▶ [PROBLEM REQUIREMENTS]: Tally the lines below containing "assume" and report only the total.

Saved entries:
....

(* Let $x,y\in\{0,1\}^\infty$ be independent sequences, both with randomness rate $\tau>0$; let $0<\sigma<\tau$, $0<\sigma'<\tau-\sigma$, $b=\lceil(1-\sigma)/\sigma'\rceil$, let $a$ be a positive integer, and let $t_0=0$, $t_1=a$, $t_i=b(t_1+\cdots+t_{i-1})$ for $i\ge2$. Let $x_i=x(t_{i-1}+1:t_i)$, $y_i=y(t_{i-1}+1:t_i)$, $\bar{x}_i=x(1:t_i)$, $\bar{y}_i=y(1:t_i)$ (with $\bar{x}_0,\bar{y}_0$ the empty string). Then there is a constant $c$ such that for all $i,j\ge1$: (a) $\big|K(x_i\mid\bar{x}_{i-1}\bar{y}_j)-K(x_i\mid\bar{x}_{i-1})\big|\le c(i+j)$; (b) $\big|K(y_i\mid\bar{x}_j\bar{y}_{i-1})-K(y_i\mid\bar{y}_{i-1})\big|\le c(i+j)$.
   Context: $x(n_1:n_2)$ denotes bits $n_1$ through $n_2$ of $x$ (indexed from 1); juxtaposition is concatenation, so e.g. $K(u\mid vw)$ conditions on the concatenated string $vw$. $K(u)$, $K(u\mid v)$ are plain and conditional plain Kolmogorov complexity with respect to fixed universal machines. A sequence has randomness rate $\tau$ if $K(x(1:n))\ge\tau n$ for all but finitely many $n$. Sequences $x,y$ are independent if there is a constant $c_0$ with $K(x(1:n)y(1:m))\ge K(x(1:n))+K(y(1:m))-c_0(1+\log n+\log m)$ for all $n,m\ge1$. *)

theory Defs
  imports Complex_Main
begin

datatype recf = Z | S | Proj nat | Comp recf "recf list" | Prec recf recf | Mn recf

inductive eval :: "recf \<Rightarrow> nat list \<Rightarrow> nat \<Rightarrow> bool" where
  ev_Z: "eval Z xs 0"
| ev_S: "eval S (x # xs) (Suc x)"
| ev_Proj: "eval (Proj i) xs (if i < length xs then xs ! i else 0)"
| ev_Comp: "length ys = length gs \<Longrightarrow> (\<forall>k<length gs. eval (gs ! k) xs (ys ! k))
            \<Longrightarrow> eval f ys y \<Longrightarrow> eval (Comp f gs) xs y"
| ev_Prec0: "eval f xs y \<Longrightarrow> eval (Prec f g) (0 # xs) y"
| ev_PrecS: "eval (Prec f g) (n # xs) r \<Longrightarrow> eval g (n # r # xs) y
            \<Longrightarrow> eval (Prec f g) (Suc n # xs) y"
| ev_Mn: "eval f (y # xs) 0 \<Longrightarrow> (\<forall>z<y. \<exists>v. eval f (z # xs) v \<and> v > 0)
            \<Longrightarrow> eval (Mn f) xs y"

fun enc :: "bool list \<Rightarrow> nat" where
  "enc [] = 0"
| "enc (b # bs) = 2 * enc bs + (if b then 2 else 1)"

definition computable1 :: "(bool list \<Rightarrow> bool list option) \<Rightarrow> bool" where
  "computable1 F \<longleftrightarrow> (\<exists>r. \<forall>p w. eval r [enc p] (enc w) \<longleftrightarrow> F p = Some w)"

definition computable2 :: "(bool list \<Rightarrow> bool list \<Rightarrow> bool list option) \<Rightarrow> bool" where
  "computable2 F \<longleftrightarrow> (\<exists>r. \<forall>p v w. eval r [enc p, enc v] (enc w) \<longleftrightarrow> F p v = Some w)"

definition universal1 :: "(bool list \<Rightarrow> bool list option) \<Rightarrow> bool" where
  "universal1 U \<longleftrightarrow> computable1 U \<and>
     (\<forall>V. computable1 V \<longrightarrow> (\<exists>c. \<forall>p u. V p = Some u \<longrightarrow>
        (\<exists>q. U q = Some u \<and> length q \<le> length p + c)))"

definition universal2 :: "(bool list \<Rightarrow> bool list \<Rightarrow> bool list option) \<Rightarrow> bool" where
  "universal2 U \<longleftrightarrow> computable2 U \<and>
     (\<forall>V. computable2 V \<longrightarrow> (\<exists>c. \<forall>p v u. V p v = Some u \<longrightarrow>
        (\<exists>q. U q v = Some u \<and> length q \<le> length p + c)))"

definition KP :: "(bool list \<Rightarrow> bool list option) \<Rightarrow> bool list \<Rightarrow> nat" where
  "KP U u = (LEAST n. \<exists>p. length p = n \<and> U p = Some u)"

definition KC :: "(bool list \<Rightarrow> bool list \<Rightarrow> bool list option) \<Rightarrow> bool list \<Rightarrow> bool list \<Rightarrow> nat" where
  "KC U u v = (LEAST n. \<exists>p. length p = n \<and> U p v = Some u)"

text \<open>An infinite binary sequence is \<open>x :: nat \<Rightarrow> bool\<close>, bits indexed from 1
  (the value \<open>x 0\<close> is never used). \<open>seg x n1 n2\<close> is \<open>x(n1:n2)\<close>.\<close>

definition seg :: "(nat \<Rightarrow> bool) \<Rightarrow> nat \<Rightarrow> nat \<Rightarrow> bool list" where
  "seg x n1 n2 = map x [n1..<Suc n2]"

definition rand_rate :: "(bool list \<Rightarrow> bool list option) \<Rightarrow> real \<Rightarrow> (nat \<Rightarrow> bool) \<Rightarrow> bool" where
  "rand_rate U \<tau> x \<longleftrightarrow> (\<forall>\<^sub>F n in sequentially. real (KP U (seg x 1 n)) \<ge> \<tau> * real n)"

definition indep :: "(bool list \<Rightarrow> bool list option) \<Rightarrow> (nat \<Rightarrow> bool) \<Rightarrow> (nat \<Rightarrow> bool) \<Rightarrow> bool" where
  "indep U x y \<longleftrightarrow> (\<exists>c0. \<forall>n\<ge>1. \<forall>m\<ge>1.
     real (KP U (seg x 1 n @ seg y 1 m)) \<ge>
       real (KP U (seg x 1 n)) + real (KP U (seg y 1 m))
       - c0 * (1 + log 2 (real n) + log 2 (real m)))"

fun tb :: "nat \<Rightarrow> nat \<Rightarrow> nat \<Rightarrow> nat" where
  "tb a b 0 = 0"
| "tb a b (Suc 0) = a"
| "tb a b (Suc (Suc k)) = b * (\<Sum>l\<in>{1..Suc k}. tb a b l)"

end

theory Submission
  imports Defs
begin

text \<open>Write \<open>P = x(1 : t (i - 1))\<close>, \<open>X = x(t (i - 1) + 1 : t i)\<close> and \<open>Y = y(1 : t j)\<close>. Adding \<open>Y\<close> to the condition raises
  \<open>K(X | P)\<close> by at most \<open>O(log |Y|)\<close>. Conversely, up to logarithmic terms, symmetry of information
  gives \<open>K(X | P) \<le> K(P X) - K(P)\<close>, while \<open>K(P X Y) \<le> K(P Y) + K(X | P Y) \<le> K(P) + K(Y) + K(X | P Y)\<close>;
  hence \<open>K(X | P) - K(X | P Y)\<close> is at most the mutual information \<open>K(P X) + K(Y) - K(P X Y)\<close> of the
  prefixes \<open>P X\<close> of \<open>x\<close> and \<open>Y\<close> of \<open>y\<close>, which independence bounds by \<open>O(log t i + log t j)\<close>. Part (b) is
  the same argument with the condition extended on the left. Since the randomness rate is at most 1,
  \<open>b \<ge> 1\<close> and the block ends \<open>t i\<close> grow geometrically, so all logarithmic terms are \<open>O(i + j)\<close>.

  The hard direction of symmetry of information is the usual counting argument over an enumeration
  of the outputs of short programs. Machines are Kleene's \<open>\<mu>\<close>-recursive functions; the enumeration
  is computable because evaluation with a step budget is primitive recursive.\<close>

inductive_cases eval_ZE: "eval Z xs y"
inductive_cases eval_SE: "eval S xs y"
inductive_cases eval_ProjE: "eval (Proj i) xs y"
inductive_cases eval_CompE: "eval (Comp f gs) xs y"
inductive_cases eval_Prec0E: "eval (Prec f g) (0 # xs) y"
inductive_cases eval_PrecSE: "eval (Prec f g) (Suc n # xs) y"
inductive_cases eval_MnE: "eval (Mn f) xs y"
inductive_cases eval_PrecE: "eval (Prec f g) xs y"

lemma eval_deterministic: "eval r xs y \<Longrightarrow> eval r xs y' \<Longrightarrow> y = y'"
proof (induction arbitrary: y' rule: eval.induct)
  case (ev_Z xs) from ev_Z.prems show ?case by (rule eval_ZE) simp
next
  case (ev_S x xs) from ev_S.prems show ?case by (rule eval_SE) simp
next
  case (ev_Proj i xs) from ev_Proj.prems show ?case by (rule eval_ProjE) simp
next
  case (ev_Comp ys gs xs f y)
  from ev_Comp.prems obtain ys' where ys': "length ys' = length gs"
    "\<forall>k<length gs. eval (gs ! k) xs (ys' ! k)" "eval f ys' y'"
    by (rule eval_CompE)
  have "ys' = ys"
  proof (rule nth_equalityI)
    show "length ys' = length ys" using ev_Comp.hyps(1) ys'(1) by simp
    fix k assume "k < length ys'"
    then have k: "k < length gs" using ys'(1) by simp
    then have "\<forall>y'. eval (gs ! k) xs y' \<longrightarrow> ys ! k = y'" using ev_Comp.IH(1) by blast
    then show "ys' ! k = ys ! k" using ys'(2) k by (metis)
  qed
  then show ?case using ev_Comp.IH(2) ys'(3) by simp
next
  case (ev_Prec0 f xs y g) from ev_Prec0.prems show ?case by (rule eval_Prec0E) (use ev_Prec0.IH in blast)
next
  case (ev_PrecS f g n xs r y)
  from ev_PrecS.prems show ?case by (rule eval_PrecSE) (use ev_PrecS.IH in simp)
next
  case (ev_Mn f y xs)
  from ev_Mn.prems have zero: "eval f (y' # xs) 0" and pos: "\<forall>z<y'. \<exists>v. eval f (z # xs) v \<and> v > 0"
    by (rule eval_MnE, blast)+
  show ?case
  proof (rule linorder_cases[of y y'])
    assume "y < y'"
    then obtain v where "eval f (y # xs) v" "0 < v" using pos by blast
    then show ?thesis using ev_Mn.IH(1) by fastforce
  next
    assume "y' < y"
    then obtain v where "eval f (y' # xs) v \<and> (\<forall>x. eval f (y' # xs) x \<longrightarrow> v = x)" "0 < v"
      using ev_Mn.IH(2) by blast
    then show ?thesis using zero by fastforce
  qed
qed

definition partial_rec :: "nat \<Rightarrow> (nat list \<Rightarrow> nat option) \<Rightarrow> bool" where
  "partial_rec n F \<longleftrightarrow> (\<exists>r. \<forall>xs. length xs = n \<longrightarrow> (\<forall>y. eval r xs y \<longleftrightarrow> F xs = Some y))"

abbreviation total_rec :: "nat \<Rightarrow> (nat list \<Rightarrow> nat) \<Rightarrow> bool" where
  "total_rec n f \<equiv> partial_rec n (\<lambda>xs. Some (f xs))"

lemma partial_rec_cong: "partial_rec n F \<Longrightarrow> (\<And>xs. length xs = n \<Longrightarrow> F xs = G xs) \<Longrightarrow> partial_rec n G"
  unfolding partial_rec_def by metis

lemma total_rec_cong: "total_rec n f \<Longrightarrow> (\<And>xs. length xs = n \<Longrightarrow> f xs = g xs) \<Longrightarrow> total_rec n g"
  by (erule partial_rec_cong) simp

....

▶ [ANSWER TO THIS PROBLEM]: 3